Anyhow the following is the main highlights from the 40 odd pages

William volunteered on the 22nd August 1914. He was from Rockhampton in Queensland & 23 years old at the time of his enlistment. He enlisted in Sydney & stated he was a Farmer on his enlistment form (although on later forms it simply states Bushwork). It also appeared that he had previously served for a year with the 6th Light Horse.

Physically William was small. He was 5ft 5in tall & weighed 8st 13lbs. He had a fair complexion, blue eyes & brown hair. William also had a scar on the back of his right thigh. Religiously speaking William was Church of England. His next of kin is listed as Andrew Keain, his father.

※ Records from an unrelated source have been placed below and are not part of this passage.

(* Let $X$ be an $n$-dimensional real normed space. Suppose that $Y, X_0 \subseteq X$ are linear subspaces such that $Y_0 =X_0 \cap Y$ is non-empty and $\lambda(Y_0, Y)=1$. Then $\lambda(Y, X) \geq \lambda(Y_0, X_0)$.
   Context: For a linear subspace $V$ of a normed space $W$, a projection onto $V$ is a linear $P:W\to V$ with $P|_V=\mathrm{id}_V$, and $\lambda(V,W)$ is the infimum of the operator norms of such projections. *)

theory Defs
  imports "HOL-Analysis.Analysis"
begin

definition linear_on :: "'a::real_vector set \<Rightarrow> ('a \<Rightarrow> 'a) \<Rightarrow> bool" where
  "linear_on W P \<longleftrightarrow> (\<forall>x\<in>W. \<forall>y\<in>W. P (x + y) = P x + P y) \<and>
                      (\<forall>c. \<forall>x\<in>W. P (c *\<^sub>R x) = c *\<^sub>R P x)"

definition opnorm_on :: "'a::real_normed_vector set \<Rightarrow> ('a \<Rightarrow> 'a) \<Rightarrow> real" where
  "opnorm_on W P = Inf {C. 0 \<le> C \<and> (\<forall>x\<in>W. norm (P x) \<le> C * norm x)}"

definition projections_onto :: "'a::real_normed_vector set \<Rightarrow> 'a set \<Rightarrow> ('a \<Rightarrow> 'a) set" where
  "projections_onto V W = {P. linear_on W P \<and> P ` W \<subseteq> V \<and> (\<forall>v\<in>V. P v = v)}"

definition proj_const :: "'a::real_normed_vector set \<Rightarrow> 'a set \<Rightarrow> real" where
  "proj_const V W = Inf (opnorm_on W ` projections_onto V W)"

end

theory Submission
  imports Defs
begin

text \<open>
  If \<open>P\<close> is a projection of \<open>X\<close> onto \<open>Y\<close> and \<open>Q\<close> a projection of \<open>Y\<close> onto
  \<open>Y\<^sub>0 = X\<^sub>0 \<inter> Y\<close>, then \<open>Q \<circ> P\<close> restricted to \<open>X\<^sub>0\<close> is a projection of \<open>X\<^sub>0\<close> onto
  \<open>Y\<^sub>0\<close> of norm at most \<open>\<parallel>Q\<parallel> \<parallel>P\<parallel>\<close>. Taking infima gives the submultiplicativity
  \<open>\<lambda>(Y\<^sub>0, X\<^sub>0) \<le> \<lambda>(Y\<^sub>0, Y) \<lambda>(Y, X)\<close>, and \<open>\<lambda>(Y\<^sub>0, Y) = 1\<close>.

  The infima are only meaningful because every linear map on a finite-dimensional normed
  space is bounded. This rests on the coefficient estimate
  \<open>\<Sum>\<^sub>b |t\<^sub>b| \<le> c \<parallel>\<Sum>\<^sub>b t\<^sub>b b\<parallel>\<close> for a finite independent set, proved by induction on the set:
  the estimate for \<open>B\<close> makes \<open>span B\<close> closed, so a vector outside it has positive
  distance from it, which bounds its coefficient.
\<close>

lemma linear_imp_linear_on: "linear g \<Longrightarrow> linear_on W g"
  unfolding linear_on_def by (simp add: linear_add linear_scale)

lemma linear_on_compose:
  assumes "linear_on V P" "P ` V \<subseteq> W" "linear_on W Q"
  shows "linear_on V (Q \<circ> P)"
  using assms unfolding linear_on_def by (auto simp: image_subset_iff)

lemma linear_on_extends_to_linear:
  fixes P :: "'a::real_vector \<Rightarrow> 'a"
  assumes "subspace W" "linear_on W P"
  obtains g where "linear g" "\<And>x. x \<in> W \<Longrightarrow> g x = P x"
proof -
  obtain r where r: "linear r" "\<And>x. r x \<in> W" "\<And>x. x \<in> W \<Longrightarrow> r x = x"
    using linear_exists_left_inverse_on[OF linear_id assms(1) inj_on_id] by auto
  have "linear_on UNIV (P \<circ> r)"
    by (rule linear_on_compose[OF linear_imp_linear_on[OF r(1)] _ assms(2)]) (use r(2) in auto)
  then have "linear (P \<circ> r)"
    unfolding linear_on_def by (intro linearI) auto
  then show ?thesis
    using that r(3) by simp
qed

lemma Cauchy_if_dist_le_mult:
  fixes x :: "nat \<Rightarrow> 'a::metric_space" and y :: "nat \<Rightarrow> 'b::metric_space"
  assumes "Cauchy x" "\<And>m n. dist (y m) (y n) \<le> c * dist (x m) (x n)"
  shows "Cauchy y"
proof (rule metric_CauchyI)
  fix e :: real
  assume "e > 0"
  then obtain M where M: "\<And>m n. M \<le> m \<Longrightarrow> M \<le> n \<Longrightarrow> dist (x m) (x n) < e / (\<bar>c\<bar> + 1)"
    using metric_CauchyD[OF assms(1), of "e / (\<bar>c\<bar> + 1)"] by auto
  have "dist (y m) (y n) < e" if "M \<le> m" "M \<le> n" for m n
  proof -
    have "dist (y m) (y n) \<le> c * dist (x m) (x n)"
      by (rule assms(2))
    also have "\<dots> \<le> (\<bar>c\<bar> + 1) * dist (x m) (x n)"
      by (intro mult_right_mono) auto
    also have "\<dots> < (\<bar>c\<bar> + 1) * (e / (\<bar>c\<bar> + 1))"
      using M[OF that] by (intro mult_strict_left_mono) auto
    finally show ?thesis
      by simp
  qed
  then show "\<exists>M. \<forall>m\<ge>M. \<forall>n\<ge>M. dist (y m) (y n) < e"
    by blast
qed

lemma closed_span_if_coefficients_bounded:
  fixes B :: "'a::real_normed_vector set"
  assumes "finite B" and bound: "\<And>t. (\<Sum>b\<in>B. \<bar>t b\<bar>) \<le> c * norm (\<Sum>b\<in>B. t b *\<^sub>R b)"
  shows "closed (span B)"
  unfolding closed_sequential_limits
proof (intro allI impI, elim conjE)
  fix x l
  assume "\<forall>n. x n \<in> span B" and "x \<longlonglongrightarrow> l"
  then have "\<forall>n. \<exists>u. x n = (\<Sum>b\<in>B. u b *\<^sub>R b)"
    using span_finite[OF assms(1)] by auto
  then obtain t where t: "\<And>n. x n = (\<Sum>b\<in>B. t n b *\<^sub>R b)"
    by metis
  have "convergent (\<lambda>n. t n b)" if "b \<in> B" for b
  proof -
    have "dist (t m b) (t n b) \<le> c * dist (x m) (x n)" for m n
    proof -
      have "dist (t m b) (t n b) \<le> (\<Sum>b\<in>B. \<bar>t m b - t n b\<bar>)"
        using member_le_sum[OF that, of "\<lambda>b. \<bar>t m b - t n b\<bar>"] assms(1)
        by (simp add: dist_real_def)
      also have "\<dots> \<le> c * norm (\<Sum>b\<in>B. (t m b - t n b) *\<^sub>R b)"
        by (rule bound)
      also have "(\<Sum>b\<in>B. (t m b - t n b) *\<^sub>R b) = x m - x n"
        by (simp add: t scaleR_diff_left sum_subtractf)
      finally show ?thesis
        by (simp add: dist_norm)
    qed
    then have "Cauchy (\<lambda>n. t n b)"
      by (rule Cauchy_if_dist_le_mult[OF LIMSEQ_imp_Cauchy[OF \<open>x \<longlonglongrightarrow> l\<close>]])
    then show ?thesis
      by (simp add: Cauchy_convergent_iff)
  qed
  then obtain u where u: "\<And>b. b \<in> B \<Longrightarrow> (\<lambda>n. t n b) \<longlonglongrightarrow> u b"
    unfolding convergent_def by metis
  have "x \<longlonglongrightarrow> (\<Sum>b\<in>B. u b *\<^sub>R b)"
    unfolding t by (intro tendsto_sum tendsto_scaleR u tendsto_const)
  then have "l = (\<Sum>b\<in>B. u b *\<^sub>R b)"
    using \<open>x \<longlonglongrightarrow> l\<close> LIMSEQ_unique by blast
  then show "l \<in> span B"
    by (simp add: span_base span_scale span_sum)
qed

lemma norm_scaleR_add_ge_if_notin_closed_subspace:
  fixes S :: "'a::real_normed_vector set"
  assumes "subspace S" "closed S" "a \<notin> S"
  obtains e where "e > 0" "\<And>s y. y \<in> S \<Longrightarrow> \<bar>s\<bar> * e \<le> norm (s *\<^sub>R a + y)"
proof
  let ?e = "infdist a S"
  show "?e > 0"
    using infdist_pos_not_in_closed assms subspace_0 by blast
  fix s y
  assume "y \<in> S"
  show "\<bar>s\<bar> * ?e \<le> norm (s *\<^sub>R a + y)"
  proof (cases "s = 0")
    case False
    have "- (y /\<^sub>R s) \<in> S"
      using \<open>y \<in> S\<close> assms(1) by (simp add: subspace_neg subspace_scale)
    then have "?e \<le> norm (a + y /\<^sub>R s)"
      using infdist_le[of "- (y /\<^sub>R s)" S a] by (simp add: dist_norm)
    then have "\<bar>s\<bar> * ?e \<le> \<bar>s\<bar> * norm (a + y /\<^sub>R s)"
      by (simp add: mult_left_mono)
    also have "\<dots> = norm (s *\<^sub>R a + y)"
      using False by (simp flip: norm_scaleR add: scaleR_add_right)
    finally show ?thesis .
  qed simp
qed

lemma independent_coefficients_bounded:
  fixes B :: "'a::real_normed_vector set"
  assumes "finite B" "independent B"
  obtains c where "c > 0" "\<And>t. (\<Sum>b\<in>B. \<bar>t b\<bar>) \<le> c * norm (\<Sum>b\<in>B. t b *\<^sub>R b)"
  using assms
proof (induction B arbitrary: thesis rule: finite_induct)
  case empty
  show ?case
    by (rule empty.prems(1)[of 1]) simp_all
next
  case (insert a B)
  have "independent B" "a \<notin> span B"
    using insert.prems(2) insert.hyps(2) by (simp_all add: independent_insert)
  then obtain c where c: "c > 0" "\<And>t. (\<Sum>b\<in>B. \<bar>t b\<bar>) \<le> c * norm (\<Sum>b\<in>B. t b *\<^sub>R b)"
    using insert.IH by blast
  obtain e where e: "e > 0" "\<And>s y. y \<in> span B \<Longrightarrow> \<bar>s\<bar> * e \<le> norm (s *\<^sub>R a + y)"
    using norm_scaleR_add_ge_if_notin_closed_subspace[OF subspace_span
        closed_span_if_coefficients_bounded[OF insert.hyps(1) c(2)] \<open>a \<notin> span B\<close>]
    by blast
  show ?case
  proof (rule insert.prems(1))
    show "1 / e + c * (1 + norm a / e) > 0"
      using e(1) c(1) by (simp add: add_pos_nonneg)
  next
    fix t :: "'a \<Rightarrow> real"
    define y where "y = (\<Sum>b\<in>B. t b *\<^sub>R b)"
    define x where "x = t a *\<^sub>R a + y"
    have "\<bar>t a\<bar> * e \<le> norm x"
      unfolding x_def y_def by (rule e(2)) (simp add: span_base span_scale span_sum)
    then have ta: "\<bar>t a\<bar> \<le> norm x / e"
      using e(1) by (simp add: pos_le_divide_eq)
    have "(\<Sum>b\<in>B. \<bar>t b\<bar>) \<le> c * norm y"
      unfolding y_def by (rule c(2))
    also have "\<dots> \<le> c * (norm x + \<bar>t a\<bar> * norm a)"
      using norm_triangle_ineq4[of x "t a *\<^sub>R a"] c(1) by (intro mult_left_mono) (simp_all add: x_def)
    also have "\<dots> \<le> c * (norm x + norm x / e * norm a)"
      using ta c(1) by (intro mult_left_mono add_left_mono mult_right_mono) auto
    finally have "(\<Sum>b\<in>insert a B. \<bar>t b\<bar>) \<le> norm x / e + c * (norm x + norm x / e * norm a)"
      using ta insert.hyps by simp
    also have "\<dots> = (1 / e + c * (1 + norm a / e)) * norm x"
      by (simp add: algebra_simps)
    finally show "(\<Sum>b\<in>insert a B. \<bar>t b\<bar>) \<le> (1 / e + c * (1 + norm a / e)) * norm (\<Sum>b\<in>insert a B. t b *\<^sub>R b)"
      using insert.hyps by (simp add: x_def y_def)
  qed
qed
(* Let $P$ be a priority forest on $[n]_0$ with $m$ edges, and let $C$ be a maximal chain of $[\hat0,P]$ with Jordan–Hölder permutation $\lambda$. Then $s_P\circ\lambda$ is an $(m,n)$-parking function with priority forest $P$ and bird's eye permutation $\lambda^{-1}$.
   Context: $[n]=\{1,\dots,n\}$, $[n]_0=\{0,\dots,n\}$. A priority forest on $[n]_0$ is a rooted forest with vertex set $[n]_0$ whose component trees $T_0,T_1,\dots$ are increasing (each non-root vertex has a larger label than its parent) and satisfy: for $j<k$ every label of $T_j$ is smaller than every label of $T_k$. Its shifted parent map $s_P:[n]\to[n]$ is the partial function with $s_P(i)=p(i)+1$ for non-root $i$ with parent $p(i)$. $\Pi(n)$ is the poset of priority forests on $[n]_0$ ordered by inclusion of edge sets, with an extra top element; $\hat0$ is the edgeless forest. For priority forests $Q\lessdot Q'$ (one edge added), $\lambda(Q,Q')$ is the larger endpoint of the edge in $E(Q')\setminus E(Q)$. A maximal chain $\hat0=P_0\lessdot\cdots\lessdot P_m=P$ has Jordan–Hölder permutation $\lambda:[m]\to[n]$, $i\mapsto\lambda(P_{i-1},P_i)$, which is injective; $\lambda^{-1}$ is its partial inverse $[n]\to[m]$. An $(m,n)$-parking function is a map $\pi:[m]\to[n]$ such that when cars $1,\dots,m$ arrive in order to spots $1,\dots,n$ and car $i$ parks at the first empty spot $\ge\pi(i)$, all cars park. Its bird's eye permutation $\omega_\pi:[n]\to[m]$ sends each occupied spot to the car parked there. Its priority forest is the priority forest whose shifted parent map is $\pi\circ\omega_\pi$. *)

theory Defs
  imports Main
begin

William landed at Gallipoli on 9th May 1915 & was wounded there on the 7th August whilst serving with A Squadron of the 1st HLR. He was wounded by both bullets & bomb (assume grenade rather than shell fire) & his wound to the groin was described as serious in a notification sent to his parents. He was evacuated to Malta 5 days later & from there went to England at the end of the month. On arrival in England William was admitted to the Number 2 General Hospital which was located at London St Marks College Hospital in Chelsea. He spent a number of months hospitialised (at Chelsea & Epsom) before leaving England on the 11th March 1916 from Portland. William arrived back in Australia on the 22nd April 1916.

He was discharged from the AIF on the 17th August 1916. The reason stated was Disability - Cardiac Incompetence (I assume weak heart) & Gun Shot Wound to Right Hip & Buttock. Interestingly William was a patient at Harefield in January 1916 - I wonder if that is the famous Harefield hospital (famous for the treatment of Heart problems) & if it has always been a heart related medical centre, given William's ailments. His examination at Harefield gave the following verdict - Soft Systolic murmers (anyone with medical knowledge can you explain what this means), Irregular pulse in force & rhythum & intermittent vomiting. The GSW left William with a slight disability of the right hip. It is also noted that in the opinion of the doctors, the disability was permanent

It is clear from his medical records that the Army agreed his condition was due to his active service (obvious in terms of the wounds but not so much in relation to the heart condition)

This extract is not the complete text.